# A soft drink is available in two packs - (i) a tin can with a rectangular base of length 5 cm and width 4 cm, having a height of 15 cm and (ii) a plastic cylinder with a circular base of diameter 7 cm and height 10 cm. Which container has greater capacity and by how much?

**Solution:**

Since the tin can is cuboidal in shape while the other is cylindrical, we will find the volume of both containers.

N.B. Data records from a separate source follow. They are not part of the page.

text \<open>Multiplying column \<open>j\<close> entrywise by the nodes \<open>a (beta lam i)\<close> of the rows raises the
  degree of its Newton products by one, up to a multiple of the old column.\<close>

lemma skew_det_scale_col:
  assumes j: "j < length lam"
  shows "det (mat (length lam) (length lam) (\<lambda>(i, k). if k = j
      then a (beta (nth lam) i) * newton a (a (beta (nth lam) i)) (beta mu k)
      else newton a (a (beta (nth lam) i)) (beta mu k))) =
    skew_det a (add_box mu j) + a (beta mu j) * skew_det a mu"
proof -
  let ?n = "length lam"
  let ?f = "\<lambda>i k. newton a (a (beta (nth lam) i)) (beta mu k)"
  let ?u = "\<lambda>i. newton a (a (beta (nth lam) i)) (beta (add_box mu j) j)"
  have "beta (add_box mu j) j = Suc (beta mu j)"
    using j by simp
  then have u: "?u i = ?f i j * (a (beta (nth lam) i) - a (beta mu j))" for i
    by (simp only: newton_Suc)
  have col_u: "mat ?n ?n (\<lambda>(i, k). if k = j then ?u i else ?f i k) =
      mat ?n ?n (\<lambda>(i, k). newton a (a (beta (nth lam) i)) (beta (add_box mu j) k))"
    by (intro mat_cong) auto
  have col_f: "mat ?n ?n (\<lambda>(i, k). if k = j then ?f i j else ?f i k) = mat ?n ?n (\<lambda>(i, k). ?f i k)"
    by (intro mat_cong) auto
  have "det (mat ?n ?n (\<lambda>(i, k). if k = j then a (beta (nth lam) i) * ?f i k else ?f i k)) =
      det (mat ?n ?n (\<lambda>(i, k). if k = j then ?u i + a (beta mu j) * ?f i j else ?f i k))"
    unfolding u by (intro arg_cong[where f = det] mat_cong) (simp add: algebra_simps)
  also have "\<dots> = det (mat ?n ?n (\<lambda>(i, k). if k = j then ?u i else ?f i k)) +
      a (beta mu j) * det (mat ?n ?n (\<lambda>(i, k). if k = j then ?f i j else ?f i k))"
    by (rule det_mat_add_col[OF j])
  also have "\<dots> = skew_det a (add_box mu j) + a (beta mu j) * skew_det a mu"
    by (simp only: col_u col_f skew_det_def)
  finally show ?thesis .
qed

The volume of a cylinder of base radius, r, and height, h = πr^{2}h

The volume of a cuboid of length ' l ', breadth ' b', and height ' h ' = l × b × h

Dimensions of tin can with a rectangular base are:

Length of the cuboidal tin can, l = 5cm

The breadth of the cuboidal tin can, b = 4cm

Height of the cuboidal tin can, h = 15cm

The volume of the cuboidal tin can = l × b × h

= 5 cm × 4 cm × 15 cm

= 300 cm^{3}

Dimensions of the plastic cylinder with a circular base are:

The diameter of the cylindrical plastic can = 7 cm

The radius of the cylindrical plastic can, r = 7/2 cm

Height of the cylindrical plastic can, h = 10cm

The volume of the cylindrical plastic can = πr^{2 }h

= 22/7 × 7/2 cm × 7/2 cm × 10cm

= 385 cm^{3}

Clearly, the plastic cylinder with a circular base has greater capacity than the tin container.

Difference = 385 cm^{3} - 300 cm^{3} = 85 cm^{3}

The plastic cylindrical has more capacity than the tin can by 85 cm^{3}.

**Video Solution:**

## A soft drink is available in two packs - (i) a tin can with a rectangular base of length 5 cm and width 4 cm, having a height of 15 cm and (ii) a plastic cylinder with a circular base of diameter 7 cm and height 10 cm. Which container has greater capacity and by how much?

### NCERT Solutions for Class 9 Maths - Chapter 13 Exercise 13.6 Question 3:

**Summary:**

For a soft drink is available in two packs a tin can with a rectangular base of length 5 cm and width 4 cm, having a height of 15 cm and a plastic cylinder with a circular base of diameter 7 cm and height 10 cm, we have found that the plastic cylindrical container has more capacity than the tin can by 85 cm^{3}.